Thus, the util rate is as given above.

arcticx

Is this still SIMD? I think SIMD is just a technique to decode once and process multiple data. And "decode" here means decoding a single instruction. However, in this case, the SIMD seems able to decode multiple instructions at the same time (because ALUs are doing different instructions).

althalus

I think it is possible to use SIMD instruction and output a vector if 1s and 0s based on the conditional and take the correct output based on the vector. This way, all the ALUs will be doing useful work all the time (smilier to a mask).

kipper

@arcticx, I'm under the impression that it's still SIMD, because all ALUs execute the same instructions, but here's the catch: if an ALU is executing instructions that don't apply to its particular element (e.g., say, in the diagram, ALU 3 is executing code for the if branch, whereas it actually wants to execute code from the else branch), then its output is masked / ignored. In this way, all ALUs are executing the same instruction stream, but the results of certain instructions are ignored when they are not applicable. I believe Kayvon says in lecture that the compiler is responsible for applying the masks in the right place to guarantee correctness.

karima

@kipper correct.

@arctix, check out the ISPC user's guide here which explains how the compiler uses masks when executing if statements:

"...the program counter steps through the statements for both the "true" case and the "false" case, with the execution mask set so that no side-effects from the true statements affect the program instances that want to run the false statements, and vice versa.

However, a block of statements does not execute if the mask is "all off" upon entry to that block. The execution mask is then restored to the value it had before the if statement."

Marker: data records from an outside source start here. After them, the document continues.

(* Assume the symmetric interference model with types with type partition $\Pi$ whose parts have sizes divisible by $r$, fix $K>0$, and suppose $|f_\pi(u)-f_\pi(u')|\le K\left|\frac a{a+b}-\frac c{c+d}\right|$ for all $\pi\in\Pi$ and $u=(a,b),u'=(c,d)\in\mathcal B_\pi$. Let $T=T_\Pi$. Then $$|\mathbb E_T\hat t_{\mathrm{Neyman}}-\bar t|\le\frac{K|\Pi|}{n},$$ $$\sqrt{\mathbb E_T(\hat t_{\mathrm{Neyman}}-\bar t)^2}\le\frac1{rn}\sum_{v\in V(G)}\frac{4K}{\sqrt{d(v)}}+\frac K{pqn}\sum_{v\in V(G)}\frac{(r-1)|\Pi(v)\cap\mathcal N(v)|}{(|\Pi(v)|-1)\,d(v)}+\frac{\sigma\sqrt{2r}}{\sqrt{pqn}}.$$
   Context: Let $n,p,q$ be positive integers and $r=p+q$. Let $G$ be a finite simple graph, $|V(G)|=rn$, no isolated vertices; $\mathcal N(v)$, $d(v)$ neighbor set and degree. For each $v$, $x_v,t_v\in\mathbb R$ and $f_v:2^{\mathcal N(v)}\to\mathbb R$ with $f_v(\emptyset)=0$; outcomes $y_v=x_v+\mathbf 1_T(v)t_v+f_v(T\cap\mathcal N(v))$; $\bar t=\frac1{rn}\sum_vt_v$. $\sigma_T(v)=q$ if $v\in T$, $-p$ otherwise; for $|T|=pn$, the Neyman estimator is $\hat t_{\mathrm{Neyman}}=\frac1{pqn}\sum_v\sigma_T(v)y_v$. Symmetric interference model with types: $\Pi$ a partition of $V(G)$, $\Pi(v)$ the part containing $v$, $\mathcal B_\pi=\{(a,b)\in\mathbb Z^2_{\ge0}:a+b=d(v)\text{ for some }v\in\pi\}$, $f_\pi:\mathcal B_\pi\to\mathbb R$, and $f_v(S)=f_{\Pi(v)}(|S|,|\mathcal N(v)\setminus S|)$. $T_\Pi$: independently for each $\pi$, $T_\pi$ uniform among subsets of $\pi$ of size $p|\pi|/r$; $T_\Pi=\bigcup_\pi T_\pi$. $x_\pi,t_\pi$ are the averages of $x_v,t_v$ over $v\in\pi$; $\epsilon_v=x_v-x_{\Pi(v)}+\frac qr(t_v-t_{\Pi(v)})$; $\sigma^2=\frac1{rn}\sum_v\epsilon_v^2$, $\sigma\ge 0$. *)

theory Defs
  imports Complex_Main "HOL-Library.Disjoint_Sets"
begin

definition simple_graph :: "'a set \<Rightarrow> ('a \<Rightarrow> 'a \<Rightarrow> bool) \<Rightarrow> bool" where
  "simple_graph V E \<longleftrightarrow> finite V \<and> (\<forall>u v. E u v \<longrightarrow> u \<in> V \<and> v \<in> V)
      \<and> (\<forall>u v. E u v \<longrightarrow> E v u) \<and> (\<forall>v. \<not> E v v)"

definition nbhd :: "'a set \<Rightarrow> ('a \<Rightarrow> 'a \<Rightarrow> bool) \<Rightarrow> 'a \<Rightarrow> 'a set" where
  "nbhd V E v = {u \<in> V. E v u}"

definition deg :: "'a set \<Rightarrow> ('a \<Rightarrow> 'a \<Rightarrow> bool) \<Rightarrow> 'a \<Rightarrow> nat" where
  "deg V E v = card (nbhd V E v)"

definition part_of :: "'a set set \<Rightarrow> 'a \<Rightarrow> 'a set" where
  "part_of P v = (THE \<pi>. \<pi> \<in> P \<and> v \<in> \<pi>)"

definition Bset :: "'a set \<Rightarrow> ('a \<Rightarrow> 'a \<Rightarrow> bool) \<Rightarrow> 'a set \<Rightarrow> (nat \<times> nat) set" where
  "Bset V E \<pi> = {(a, b). \<exists>v\<in>\<pi>. a + b = deg V E v}"

definition outcome :: "'a set \<Rightarrow> ('a \<Rightarrow> 'a \<Rightarrow> bool) \<Rightarrow> 'a set set \<Rightarrow> ('a \<Rightarrow> real) \<Rightarrow> ('a \<Rightarrow> real)
    \<Rightarrow> ('a set \<Rightarrow> nat \<Rightarrow> nat \<Rightarrow> real) \<Rightarrow> 'a set \<Rightarrow> 'a \<Rightarrow> real" where
  "outcome V E P x t f T v = x v + (if v \<in> T then t v else 0)
      + f (part_of P v) (card (T \<inter> nbhd V E v)) (card (nbhd V E v - T))"

definition sgn_T :: "nat \<Rightarrow> nat \<Rightarrow> 'a set \<Rightarrow> 'a \<Rightarrow> real" where
  "sgn_T p q T v = (if v \<in> T then real q else - real p)"

definition neyman :: "'a set \<Rightarrow> ('a \<Rightarrow> 'a \<Rightarrow> bool) \<Rightarrow> 'a set set \<Rightarrow> nat \<Rightarrow> nat \<Rightarrow> nat
    \<Rightarrow> ('a \<Rightarrow> real) \<Rightarrow> ('a \<Rightarrow> real) \<Rightarrow> ('a set \<Rightarrow> nat \<Rightarrow> nat \<Rightarrow> real) \<Rightarrow> 'a set \<Rightarrow> real" where
  "neyman V E P n p q x t f T =
     (1 / (real p * real q * real n)) * (\<Sum>v\<in>V. sgn_T p q T v * outcome V E P x t f T v)"

(* T_Pi is the uniform distribution on this finite set (the independent product
   of uniform choices in each part is exactly uniform on this product set). *)
definition stratified_designs :: "'a set \<Rightarrow> 'a set set \<Rightarrow> nat \<Rightarrow> nat \<Rightarrow> 'a set set" where
  "stratified_designs V P p r =
     {T. T \<subseteq> V \<and> (\<forall>\<pi>\<in>P. r * card (T \<inter> \<pi>) = p * card \<pi>)}"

note the optimization of not executing a block of statements if the mask is all off for that block.

TanXiaoFengSheng

I think it makes more sense to refer it as Peak Utilization than Peak Performance, since the performance of a program is intuitively limited by the structure of program itself

nramakri

The performance of SIMD instructions highly depends on the type of input being processed. If a larger chunk of the instructions is executed by only one ALU then we will have very poor utilization of resources. Thus, it is the programmer's job to write a program that ensures the resources will be utilized, either by distributing instructions between both if and else blocks evenly, or by making sure the input isn't skewed in a way that creates the worst-case scenario.